Les étudiant(e)s avaient à disposition une carte électronique (FPGA) obtenue dans le cadre du GIP-CNFM (Coordination Nationale pour la Formation en microélectronique et en nanotechnologies) et des logiciels spécifiques disponibles gratuitement.

4.1. Organisation pédagogique
Dans l’espace d’apprentissage, l’enseignement est présenté par les compétences qui seront développées, les résultats d’apprentissage attendus, le programme, l’organisation pédagogique, l’évaluation et la validation. L’enseignement se déroule en neuf étapes comprenant des travaux à réaliser avant de venir, le travail à faire pendant la séance d’une durée de 2h40 et le livrable attendu. L’enseignement commence par une première séance dédiée aux méthodes de travail en groupe, à l’apprentissage à distance et à une première activation des connaissances antérieures.
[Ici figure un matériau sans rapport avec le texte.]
lemma perturbed_solution_relative_error:
  fixes A E :: "real^'n^'m" and bbar db :: "real^'m"
  defines "Bt \<equiv> transpose A + transpose E" and "\<sigma> \<equiv> sigma_min_nz A"
    and "p \<equiv> orth_proj (mat_range A) *v db"
  assumes bbar: "bbar \<in> mat_range A" "bbar \<noteq> 0" and E_small: "mat_norm2 E \<le> \<sigma> / 2"
  shows "norm (pinv (Bt ** A) *v (Bt *v (bbar + db)) - pinv A *v bbar) / norm (pinv A *v bbar)
           \<le> cond2 A * norm p / norm bbar
             + 2 * mat_norm2 A / (\<sigma>\<^sup>2 * norm bbar) * (mat_norm2 E + norm db)\<^sup>2"
proof -
  from bbar obtain u where "A *v u \<noteq> 0"
    unfolding mat_range_def by auto
  then have "0 < \<sigma>"
    unfolding \<sigma>_def by (rule sigma_min_nz_pos)
  define K where "K = norm p / \<sigma> + 2 / \<sigma>\<^sup>2 * (mat_norm2 E * norm db)"
  have "A *v (pinv A *v bbar) = bbar"
    using bbar(1) unfolding mat_range_def by (auto simp: matrix_pinv_matrix)
  then have "norm bbar \<le> mat_norm2 A * norm (pinv A *v bbar)"
    by (metis norm_mat_norm2_le)
  with bbar(2) have "0 < norm (pinv A *v bbar)"
    by (metis mult_zero_right norm_le_zero_iff norm_zero not_le)
  have "0 \<le> K"
    unfolding K_def using \<open>0 < \<sigma>\<close> mat_norm2_nonneg[of E] by simp
  have "norm (pinv (Bt ** A) *v (Bt *v (bbar + db)) - pinv A *v bbar) / norm (pinv A *v bbar)
          \<le> K / norm (pinv A *v bbar)"
    using perturbed_solution_error[OF bbar E_small[unfolded \<sigma>_def]] \<open>0 < norm (pinv A *v bbar)\<close>
    unfolding K_def Bt_def p_def \<sigma>_def by (simp add: divide_right_mono)
  also have "\<dots> \<le> K * mat_norm2 A / norm bbar"
    using \<open>norm bbar \<le> mat_norm2 A * norm (pinv A *v bbar)\<close> \<open>0 < norm (pinv A *v bbar)\<close> \<open>0 \<le> K\<close> bbar(2)
    by (simp add: field_simps mult_left_mono)
  also have "\<dots> = cond2 A * norm p / norm bbar
                  + 2 * mat_norm2 A / (\<sigma>\<^sup>2 * norm bbar) * (mat_norm2 E * norm db)"
    using \<open>0 < \<sigma>\<close> bbar(2) unfolding K_def cond2_def \<sigma>_def by (simp add: field_simps)
  also have "\<dots> \<le> cond2 A * norm p / norm bbar
                  + 2 * mat_norm2 A / (\<sigma>\<^sup>2 * norm bbar) * (mat_norm2 E + norm db)\<^sup>2"
    using \<open>0 < \<sigma>\<close> mat_norm2_nonneg[of A] mat_norm2_nonneg[of E]
    by (intro add_left_mono mult_left_mono) (simp_all add: power2_eq_square algebra_simps)
  finally show ?thesis .
qed

theorem corollary1:
  fixes A :: "real^'n^'m" and bbar :: "real^'m"
  assumes "rank A \<ge> 1"
    and "bbar \<in> mat_range A" and "bbar \<noteq> 0"
  shows "\<exists>C \<epsilon>. \<epsilon> > 0 \<and>
    (\<forall>(E2 :: real^'n^'m) (db :: real^'m).
      let Bt = transpose A + transpose E2;
          b = bbar + db;
          xmin = pinv A *v bbar;
          dx = pinv (Bt ** A) *v (Bt *v b) - xmin
      in (mat_norm2 E2 + norm db < \<epsilon>
          \<and> mat_norm2 (orth_proj (mat_range Bt) - orth_proj (mat_range (transpose A))) < 1
          \<and> mat_norm2 (orth_proj (mat_range (transpose Bt)) - orth_proj (mat_range A)) < 1)
         \<longrightarrow> norm dx / norm xmin
               \<le> cond2 A * norm (orth_proj (mat_range A) *v db) / norm bbar
                 + C * (mat_norm2 E2 + norm db)\<^sup>2)"
proof -
  from assms(2,3) obtain u where "A *v u \<noteq> 0"
    unfolding mat_range_def by auto
  then have "0 < sigma_min_nz A"
    by (rule sigma_min_nz_pos)
  have E2_small: "mat_norm2 E2 \<le> sigma_min_nz A / 2"
    if "mat_norm2 E2 + norm db < sigma_min_nz A / 2" for E2 :: "real^'n^'m" and db :: "real^'m"
    using that norm_ge_zero[of db] by linarith
  show ?thesis
    unfolding Let_def
    by (rule exI[of _ "2 * mat_norm2 A / ((sigma_min_nz A)\<^sup>2 * norm bbar)"],
        rule exI[of _ "sigma_min_nz A / 2"])
      (use \<open>0 < sigma_min_nz A\<close> perturbed_solution_relative_error[OF assms(2,3) E2_small] in auto)
qed
(* Let $m\ge 2$, $\gamma>0$ and $u>0$, and let $h\in\{N,S\}$. Let $\kappa\in\mathbb C$ with $k=|\kappa|>0$. Then there is $E_0=E_0(\gamma,u,k)>0$ such that the matrix $\hat H^h(\kappa)$ has no eigenvalue in the interval $(-E_0,E_0)$. Moreover, all eigenvalues of $\hat H^h(\kappa)$ are simple.
   Context: Let $\sigma_1,\sigma_2$ be the standard Pauli matrices and $A=\begin{pmatrix}0&0\\1&0\end{pmatrix}$. For a real number $v$ and $\kappa=k_x+ik_y\in\mathbb C$, let $\hat H(\kappa;v)$ be the $2m\times 2m$ Hermitian matrix written in $m\times m$ blocks of size $2\times2$ whose $j$-th diagonal block is $u_jI_2+\begin{pmatrix}0&\bar\kappa\\ \kappa&0\end{pmatrix}$ with $u_j=\frac{v}{m-1}\big(j-\frac{m+1}{2}\big)$, whose $(j,j+1)$ block is $\gamma A$ and whose $(j+1,j)$ block is $\gamma A^*$ for $1\le j\le m-1$, all other blocks being zero. Define $\hat H^N(\kappa)=\hat H(\kappa;u)$ and $\hat H^S(\kappa)=\hat H(\kappa;-u)$. *)

theory Defs
  imports "Jordan_Normal_Form.Char_Poly" "HOL-Computational_Algebra.Polynomial"
begin

text \<open>Layer potentials u_j = v/(m-1) (j - (m+1)/2), with j = b+1 for a 0-based block index b.\<close>
definition layer_pot :: "nat \<Rightarrow> real \<Rightarrow> nat \<Rightarrow> real" where
  "layer_pot m v b = v / (real m - 1) * (real (b + 1) - (real m + 1) / 2)"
4.2. Evaluation des apprentissages
Différents temps et différentes évaluations sont proposés afin de favoriser le développement progressif et continu des compétences visées dans cet enseignement :

  • Une évaluation diagnostique à travers le test d’auto positionnement des connaissances préalables,
  • Une évaluation formative tout au long de la formation à travers des auto-évaluations et le suivi technique du projet,
  • Une évaluation sommative à travers le devoir écrit analysant la solution industrielle.
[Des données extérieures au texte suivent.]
(* Let $(\mathcal V,\mathcal W,\lambda)$ be a FTvN system where $\mathcal V$ is a Hilbert space, and let $C$ denote its center. Then: (a) $\mathcal V=C+C^\perp$. (b) $(C,\mathcal W,\lambda|_C)$ is a FTvN system whose center is $C$ (so any two elements in this system commute). (c) $(C^\perp,\mathcal W,\lambda|_{C^\perp})$ is a FTvN system whose center is $\{0\}$.
   Context: A Fan-Theobald-von Neumann (FTvN) system is a triple $(\mathcal V,\mathcal W,\lambda)$ where $\mathcal V,\mathcal W$ are real inner product spaces and $\lambda:\mathcal V\to\mathcal W$ is a map such that: (A1) $\|\lambda(x)\|=\|x\|$ for all $x$; (A2) $\langle x,y\rangle\le\langle\lambda(x),\lambda(y)\rangle$ for all $x,y$; (A3) for every $c\in\mathcal V$ and $q\in\lambda(\mathcal V)$ there exists $x$ with $\lambda(x)=q$ and $\langle c,x\rangle=\langle\lambda(c),\lambda(x)\rangle$. Elements $x,y$ commute if $\langle x,y\rangle=\langle\lambda(x),\lambda(y)\rangle$; the center of a FTvN system is the set of elements commuting with every element of the underlying space. Subspaces carry the restricted inner product. *)

theory Defs
  imports "HOL-Analysis.Analysis"
begin

text \<open>A FTvN system (S, W, lam restricted to S), where S is a linear subspace of the
  real inner product space 'v carrying the restricted inner product, and W is the type 'w.\<close>
definition ftvn :: "'v::real_inner set \<Rightarrow> ('v \<Rightarrow> 'w::real_inner) \<Rightarrow> bool" where
  "ftvn S lam \<longleftrightarrow> subspace S
     \<and> (\<forall>x\<in>S. norm (lam x) = norm x)
     \<and> (\<forall>x\<in>S. \<forall>y\<in>S. x \<bullet> y \<le> lam x \<bullet> lam y)
     \<and> (\<forall>c\<in>S. \<forall>q\<in>lam ` S. \<exists>x\<in>S. lam x = q \<and> c \<bullet> x = lam c \<bullet> lam x)"

definition ftvn_commute :: "('v::real_inner \<Rightarrow> 'w::real_inner) \<Rightarrow> 'v \<Rightarrow> 'v \<Rightarrow> bool" where
  "ftvn_commute lam x y \<longleftrightarrow> x \<bullet> y = lam x \<bullet> lam y"

definition ftvn_center :: "'v::real_inner set \<Rightarrow> ('v \<Rightarrow> 'w::real_inner) \<Rightarrow> 'v set" where
  "ftvn_center S lam = {x\<in>S. \<forall>y\<in>S. ftvn_commute lam x y}"

end

theory Submission
  imports Defs
begin

text \<open>For a central element c, expanding norm (lam (x + t c) - lam x - t lam c)^2 and using
  (A1), (A2) and centrality bounds it by norm ((x + t c) - x - t c)^2 = 0, so lam is additive
  along the center. Hence the center C is a subspace, closed because lam is 1-Lipschitz, and
  the projection theorem gives V = C + C^perp. Both C and C^perp are closed under taking
  lam-preimages, which is all that (A3) needs in order to restrict: lam x = lam c with c
  central forces x = c, and if lam x = lam z with z in C^perp, the C-component c of x satisfies
  norm c^2 = <c, x> = <lam c, lam z> = <c, z> = 0. Finally, an element of C^perp commuting with
  all of C^perp commutes with all of V by additivity along C, so it lies in C and is 0.\<close>

lemma parallelogram_law:
  fixes x y :: "'a::real_inner"
  shows "(norm (x + y))\<^sup>2 + (norm (x - y))\<^sup>2 = 2 * (norm x)\<^sup>2 + 2 * (norm y)\<^sup>2"
  by (simp add: power2_norm_eq_inner inner_add_left inner_add_right inner_diff_left
      inner_diff_right inner_commute)

lemma convex_nearest_point_exists:
  fixes S :: "'a::{real_inner,complete_space} set"
  assumes "closed S" and "convex S" and "S \<noteq> {}"
  obtains s where "s \<in> S" and "\<And>y. y \<in> S \<Longrightarrow> norm (x - s) \<le> norm (x - y)"
proof -
  define d where "d = (INF y\<in>S. (norm (x - y))\<^sup>2)"
  have bdd: "bdd_below ((\<lambda>y. (norm (x - y))\<^sup>2) ` S)"
    by (rule bdd_belowI2[of _ 0]) simp
  have d_le: "d \<le> (norm (x - y))\<^sup>2" if "y \<in> S" for y
    unfolding d_def using bdd that by (rule cINF_lower)
  have "\<exists>y\<in>S. (norm (x - y))\<^sup>2 < d + inverse (real (Suc n))" for n
    using cINF_less_iff[OF \<open>S \<noteq> {}\<close> bdd, of "d + inverse (real (Suc n))"]
    by (simp add: d_def)
  then obtain f where f_in: "\<And>n. f n \<in> S"
    and f_close: "\<And>n. (norm (x - f n))\<^sup>2 < d + inverse (real (Suc n))"
    by metis
  have f_near: "(norm (f m - f n))\<^sup>2 \<le> 2 * inverse (real (Suc m)) + 2 * inverse (real (Suc n))"
    for m n
  proof -
    have "(1/2) *\<^sub>R f m + (1/2) *\<^sub>R f n \<in> S"
      using convexD[OF \<open>convex S\<close> f_in f_in] by simp
    from d_le[OF this] have "4 * d \<le> (norm ((x - f m) + (x - f n)))\<^sup>2"
      by (simp add: power2_norm_eq_inner inner_add_left inner_add_right inner_diff_left
          inner_diff_right inner_commute algebra_simps)
    with parallelogram_law[of "x - f m" "x - f n"] f_close[of m] f_close[of n]
    show ?thesis by (simp add: norm_minus_commute)
  qed
  have "Cauchy f"
  proof (rule CauchyI)
    fix e :: real assume "0 < e"
    then obtain M where M: "inverse (real (Suc M)) < e\<^sup>2 / 4"
      using reals_Archimedean[of "e\<^sup>2 / 4"] by auto
    have "norm (f m - f n) < e" if "M \<le> m" "M \<le> n" for m n
    proof -
      have "inverse (real (Suc m)) \<le> inverse (real (Suc M))"
        "inverse (real (Suc n)) \<le> inverse (real (Suc M))"
        using that by (simp_all add: le_imp_inverse_le)
      with f_near[of m n] M have "(norm (f m - f n))\<^sup>2 < e\<^sup>2" by linarith
      with \<open>0 < e\<close> show ?thesis by (simp add: power2_less_imp_less)
    qed
    then show "\<exists>M. \<forall>m\<ge>M. \<forall>n\<ge>M. norm (f m - f n) < e" by blast
  qed
  then obtain s where f_lim: "f \<longlonglongrightarrow> s"
    using convergent_eq_Cauchy by blast
  have "s \<in> S"
    using closed_sequentially[OF \<open>closed S\<close> f_in f_lim] .
  have "(norm (x - s))\<^sup>2 \<le> d + 0"
  proof (rule LIMSEQ_le)
    show "(\<lambda>n. (norm (x - f n))\<^sup>2) \<longlonglongrightarrow> (norm (x - s))\<^sup>2"
      by (intro tendsto_intros f_lim)
    show "(\<lambda>n. d + inverse (real (Suc n))) \<longlonglongrightarrow> d + 0"
      by (intro tendsto_intros LIMSEQ_inverse_real_of_nat)
    show "\<exists>N. \<forall>n\<ge>N. (norm (x - f n))\<^sup>2 \<le> d + inverse (real (Suc n))"
      using f_close less_imp_le by blast
  qed
  then have "norm (x - s) \<le> norm (x - y)" if "y \<in> S" for y
    using d_le[OF that] by (simp add: power2_le_imp_le)
  with \<open>s \<in> S\<close> that show ?thesis by blast
qed

lemma subspace_nearest_point_orthogonal:
  assumes "subspace S" and "s \<in> S"
    and nearest: "\<And>y. y \<in> S \<Longrightarrow> norm (x - s) \<le> norm (x - y)"
  shows "x - s \<in> orthogonal_comp S"
  unfolding orthogonal_comp_def orthogonal_def
proof (intro CollectI ballI)
  fix y assume "y \<in> S"
  define u where "u = x - s"
  have "0 \<le> t\<^sup>2 * (y \<bullet> y) - 2 * t * (y \<bullet> u)" for t
  proof -
    have "s + t *\<^sub>R y \<in> S"
      using assms(1,2) \<open>y \<in> S\<close> by (simp add: subspace_add subspace_scale)
    from nearest[OF this] have "(norm u)\<^sup>2 \<le> (norm (u - t *\<^sub>R y))\<^sup>2"
      by (simp add: u_def algebra_simps)
    then have "u \<bullet> u \<le> (u - t *\<^sub>R y) \<bullet> (u - t *\<^sub>R y)"
      by (simp only: power2_norm_eq_inner)
    then show ?thesis
      by (simp add: inner_diff_left inner_diff_right inner_commute
          power2_eq_square algebra_simps)
  qed
  \<comment> \<open>the quadratic in t is minimised at t = (y \<bullet> u) / (y \<bullet> y)\<close>
  from this[of "(y \<bullet> u) / (y \<bullet> y)"] have "(y \<bullet> u)\<^sup>2 / (y \<bullet> y) \<le> 0"
    by (cases "y = 0") (simp_all add: field_simps power2_eq_square)
  then show "y \<bullet> (x - s) = 0"
    by (cases "y = 0") (auto simp: u_def divide_le_0_iff simp flip: inner_gt_zero_iff)
qed

lemma closed_subspace_orthogonal_decomposition:
  fixes S :: "'a::{real_inner,complete_space} set"
  assumes "subspace S" and "closed S"
  obtains s where "s \<in> S" and "x - s \<in> orthogonal_comp S"
proof -
  have "convex S" "S \<noteq> {}"
    using subspace_imp_convex subspace_0 assms(1) by auto
  with assms show ?thesis
    by (metis convex_nearest_point_exists subspace_nearest_point_orthogonal that)
qed

lemma closed_subspace_sum_orthogonal_comp:
  fixes S :: "'a::{real_inner,complete_space} set"
  assumes "subspace S" and "closed S"
  shows "{s + d | s d. s \<in> S \<and> d \<in> orthogonal_comp S} = UNIV"
proof -
  have "x \<in> {s + d | s d. s \<in> S \<and> d \<in> orthogonal_comp S}" for x
  proof -
    obtain s where "s \<in> S" "x - s \<in> orthogonal_comp S"
      using closed_subspace_orthogonal_decomposition[OF assms] .
    moreover have "x = s + (x - s)"
      by simp
    ultimately show ?thesis
      by blast
  qed
  then show ?thesis
    by blast
qed

lemma
  assumes "ftvn S lam"
  shows ftvn_subspace: "subspace S"
    and ftvn_norm_eq: "x \<in> S \<Longrightarrow> norm (lam x) = norm x"
    and ftvn_inner_le: "x \<in> S \<Longrightarrow> y \<in> S \<Longrightarrow> x \<bullet> y \<le> lam x \<bullet> lam y"
    and ftvn_commuting_preimage:
      "c \<in> S \<Longrightarrow> q \<in> lam ` S \<Longrightarrow> \<exists>x\<in>S. lam x = q \<and> ftvn_commute lam c x"
  using assms unfolding ftvn_def ftvn_commute_def by blast+

lemma ftvn_inner_self: "ftvn S lam \<Longrightarrow> x \<in> S \<Longrightarrow> lam x \<bullet> lam x = x \<bullet> x"
  by (metis ftvn_norm_eq power2_norm_eq_inner)

lemma ftvn_lambda_zero: "ftvn S lam \<Longrightarrow> lam 0 = 0"
  using ftvn_norm_eq ftvn_subspace subspace_0 by fastforce

lemma ftvn_norm_diff_le:
  assumes "ftvn S lam" and "x \<in> S" and "y \<in> S"
  shows "norm (lam x - lam y) \<le> norm (x - y)"
proof -
  have "(norm (lam x - lam y))\<^sup>2 = lam x \<bullet> lam x + lam y \<bullet> lam y - 2 * (lam x \<bullet> lam y)"
    by (simp add: power2_norm_eq_inner inner_diff_left inner_diff_right inner_commute)
  also have "\<dots> \<le> x \<bullet> x + y \<bullet> y - 2 * (x \<bullet> y)"
    using ftvn_inner_self ftvn_inner_le assms by fastforce
  also have "\<dots> = (norm (x - y))\<^sup>2"
    by (simp add: power2_norm_eq_inner inner_diff_left inner_diff_right inner_commute)
  finally show ?thesis
    by (rule power2_le_imp_le) simp
qed

lemma ftvn_center_commute:
  "c \<in> ftvn_center S lam \<Longrightarrow> y \<in> S \<Longrightarrow> c \<bullet> y = lam c \<bullet> lam y"
  by (simp add: ftvn_center_def ftvn_commute_def)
La validation de l’unité d’enseignement s’effectue par l’identification et la justification de la progression du développement des compétences appuyée sur l’outil carnet de bord pour un poids de 40 %, l’avancement dans la réalisation du projet pour un poids de 30 % et le devoir écrit d’analyse de la solution pré-industrielle pour un poids de 30 %.

4.3. Accompagnement des étudiant(e)s distants
La réalisation des activités à faire avant de venir en séance a été vérifiée régulièrement afin de relancer les étudiant(e)s n’ayant pas encore effectué le travail demandé. Ces relances sont faites dans un premier temps de manière collective par l’intermédiaire du forum puis pour les étudiant(e)s n’ayant pas réalisé les travaux nécessaires deux jours avant la séance, une relance individuelle et nominative par mail. Le temps consacré à cet accompagnement à distance n’est pas très important. En effet, au début de l’enseignement, le temps consacré à cette partie est de l’ordre de 1h par semaine. Ce temps va en diminuant au fur et à mesure car les étudiant(e)s prennent l’habitude de faire le travail préalable sans qu’il y ait besoin de les relancer. Cette part du travail enseignant en dehors du temps présentiel n’est donc pas plus important que le travail de préparation d’un enseignement « traditionnel ».

4.4. Accompagnement des étudiant(e)s en séance
Je répondais aux questions des étudiant(e)s à leur demande et par binôme en étant très réactif durant les premières séances afin qu’ils ne perdent pas trop de temps notamment lors de la prise en main des logiciels. Puis, progressivement, j’intervenais moins vite leur laissant le temps de trouver une solution par eux-mêmes ou bien en leur donnant des indications mais sans leur donner la solution. En effet, il y a souvent plusieurs solutions technologiques pour arriver au résultat demandé mais certaines peuvent être réutilisées facilement dans d’autres projets.

5. Un cadre de référence

5.1. Le paradigme constructiviste
Pour répondre aux attentes de l’enseignant, nous faisons appel au paradigme constructiviste et plus précisément le socioconstructivisme. « Le paradigme constructiviste définit la connaissance comme une construction personnelle qui s’appuie sur les connaissances antérieures de l’individu, ses buts et ses expériences vécues ». (Ménard. L., Saint Pierre. L., 2014). Le cours commence par l’activation des connaissances antérieures. Les expériences vécues sont écrites et analysées dans le carnet de bord. Le déroulement du cours se fait en équipe.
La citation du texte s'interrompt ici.